[Task] Every line from the one bearing "using AE_finite_on_compact finite_on_compact_measurable[OF" through the last line of the entries should be printed exactly, with no other output.

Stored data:
lemma optimal_feedback_eq_neg_gradient:
  assumes adm: "admissible u" and opt: "cost A y1 \<gamma> u x0 0 = value_fun A y1 \<gamma> x0 0"
    and t: "t \<in> {0..1}"
  shows "u (state u x0 0 t) t = - Vx (state u x0 0 t) t"
proof -
  define X where "X = state u x0 0"
  define w where "w s = u (X s) s" for s
  define P where "P s = Vx (X s) s" for s
  have traj: "traj u x0 0 X"
    unfolding X_def by (rule state_traj[OF adm]) simp
  then have X': "\<And>s. s \<in> {0..1} \<Longrightarrow> (X has_vector_derivative X s + w s) (at s within {0..1})"
    unfolding traj_def w_def by auto
  have X_cont: "continuous_on {0..1} X"
    using traj_continuous_on[OF traj] .
  have P_cont: "continuous_on {0..1} P"
    unfolding P_def using X_cont
    by (intro continuous_on_compose2[OF Vx_cont, of _ "\<lambda>s. (X s, s)", simplified])
      (auto intro: continuous_intros)
  define N where "N = {s \<in> {0..1}. (1/2) * norm (w s + P s) ^ 2 \<noteq> 0}"
  have "negligible N"
    unfolding N_def w_def P_def X_def
    by (rule has_integral_0_nonneg_imp_negligible[OF optimal_hamiltonian_gap_has_integral_0[OF adm opt]])
      simp
  have "X t + w t = X t - P t"
  proof (rule has_vector_derivative_eq_ae_imp_eq[OF _ X' \<open>negligible N\<close> _ _ t])
    show "X s + w s = X s - P s" if "s \<in> {0..1} - N" for s
      using that by (simp add: N_def add_eq_0_iff2)
    show "continuous_on {0..1} (\<lambda>s. X s - P s)"
      by (intro continuous_intros X_cont P_cont)
  qed simp
  then show ?thesis
    by (simp add: X_def w_def P_def)
qed

end
lemma assoc: "mul (mul x y) z = mul x (mul y z)"
  using lc_group unfolding locally_compact_group_def by blast
lemma lid [simp]: "mul e x = x"
  using lc_group unfolding locally_compact_group_def by blast
lemma rid [simp]: "mul x e = x"
  using lc_group unfolding locally_compact_group_def by blast
lemma linv [simp]: "mul (iv x) x = e"
  using lc_group unfolding locally_compact_group_def by blast
lemma rinv [simp]: "mul x (iv x) = e"
  using lc_group unfolding locally_compact_group_def by blast
lemma linv_mul [simp]: "mul (iv x) (mul x y) = y"
  by (metis assoc lid linv)
lemma rinv_mul [simp]: "mul x (mul (iv x) y) = y"
  by (metis assoc lid rinv)
lemma inv_unique: "mul x y = e \<Longrightarrow> iv x = y"
  by (metis linv_mul rid)
lemma iv_iv [simp]: "iv (iv x) = x"
  by (metis inv_unique linv)
lemma iv_mul: "iv (mul a b) = mul (iv b) (iv a)"
  by (rule inv_unique) (simp add: assoc)

lemma continuous_on_mul_pair: "continuous_on UNIV (\<lambda>p::'g \<times> 'g. mul (fst p) (snd p))"
  using lc_group unfolding locally_compact_group_def by blast

lemma continuous_on_iv_UNIV: "continuous_on UNIV iv"
  using lc_group unfolding locally_compact_group_def by blast

lemma continuous_on_mul:
  "continuous_on S f \<Longrightarrow> continuous_on S g \<Longrightarrow> continuous_on S (\<lambda>p. mul (f p) (g p))"
  using continuous_on_compose2[OF continuous_on_mul_pair continuous_on_Pair, of S f g] by auto

lemma continuous_on_iv: "continuous_on S f \<Longrightarrow> continuous_on S (\<lambda>p. iv (f p))"
  using continuous_on_compose2[OF continuous_on_iv_UNIV, of S f] by auto

lemmas group_continuous_intros = continuous_on_mul continuous_on_iv
  continuous_on_fst continuous_on_snd continuous_on_id continuous_on_const

lemma locally_compact_nhd: "\<exists>(U::'g set) (C::'g set). open U \<and> compact C \<and> x \<in> U \<and> U \<subseteq> C"
  using lc_group unfolding locally_compact_group_def by blast

lemma completely_regular_euclidean: "completely_regular_space (euclidean::'g topology)"
proof -
  have "locally_compact_space (euclidean::'g topology)"
    unfolding locally_compact_space_def using locally_compact_nhd by auto
  moreover have "Hausdorff_space (euclidean::'g topology)"
    unfolding Hausdorff_space_def disjnt_def by (simp, meson hausdorff)
  ultimately show ?thesis
    by (simp add: locally_compact_regular_imp_completely_regular_space)
qed

end

definition finite_on_compact :: "'a::t2_space measure \<Rightarrow> 'a set \<Rightarrow> bool" where
  "finite_on_compact M C \<longleftrightarrow>
     sets M = sets borel \<and> emeasure M UNIV < \<infinity> \<and> compact C \<and> emeasure M (UNIV - C) = 0"

context
  fixes M :: "'a::t2_space measure" and C :: "'a set"
  assumes M: "finite_on_compact M C"
begin

lemma finite_on_compact_sets: "sets M = sets borel"
  using M by (simp add: finite_on_compact_def)

lemma finite_on_compact_space: "space M = UNIV"
  by (metis finite_on_compact_sets sets_eq_imp_space_eq space_borel)

lemma finite_on_compact_finite_measure: "finite_measure M"
  using M finite_on_compact_space by (intro finite_measureI) (auto simp: finite_on_compact_def)

lemma AE_finite_on_compact: "AE x in M. x \<in> C"
proof -
  have "closed C" using M by (simp add: finite_on_compact_def compact_imp_closed)
  then have "UNIV - C \<in> null_sets M"
    using M by (simp add: null_setsI finite_on_compact_def finite_on_compact_sets)
  then show ?thesis by (rule AE_I') (auto simp: finite_on_compact_space)
qed

lemma finite_on_compact_measurable:
  "continuous_on UNIV f \<Longrightarrow> f \<in> borel_measurable M"
  using borel_measurable_continuous_onI measurable_cong_sets finite_on_compact_sets by metis

lemma finite_on_compact_integrable:
  fixes f :: "'a \<Rightarrow> 'b::{banach,second_countable_topology}"
  assumes f: "continuous_on UNIV f"
  shows "integrable M f"
proof -
  interpret finite_measure M by (rule finite_on_compact_finite_measure)
  have "compact (f ` C)"
    using M f by (auto simp: finite_on_compact_def intro: compact_continuous_image continuous_on_subset)
  then obtain B where "\<And>y. y \<in> f ` C \<Longrightarrow> norm y \<le> B"
    by (meson bounded_iff compact_imp_bounded)
  then show ?thesis
    using AE_finite_on_compact finite_on_compact_measurable[OF f]
    by (intro integrable_const_bound[of f B]) auto
qed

[Answer for this exercise]
    using AE_finite_on_compact finite_on_compact_measurable[OF f]
    by (intro integrable_const_bound[of f B]) auto
qed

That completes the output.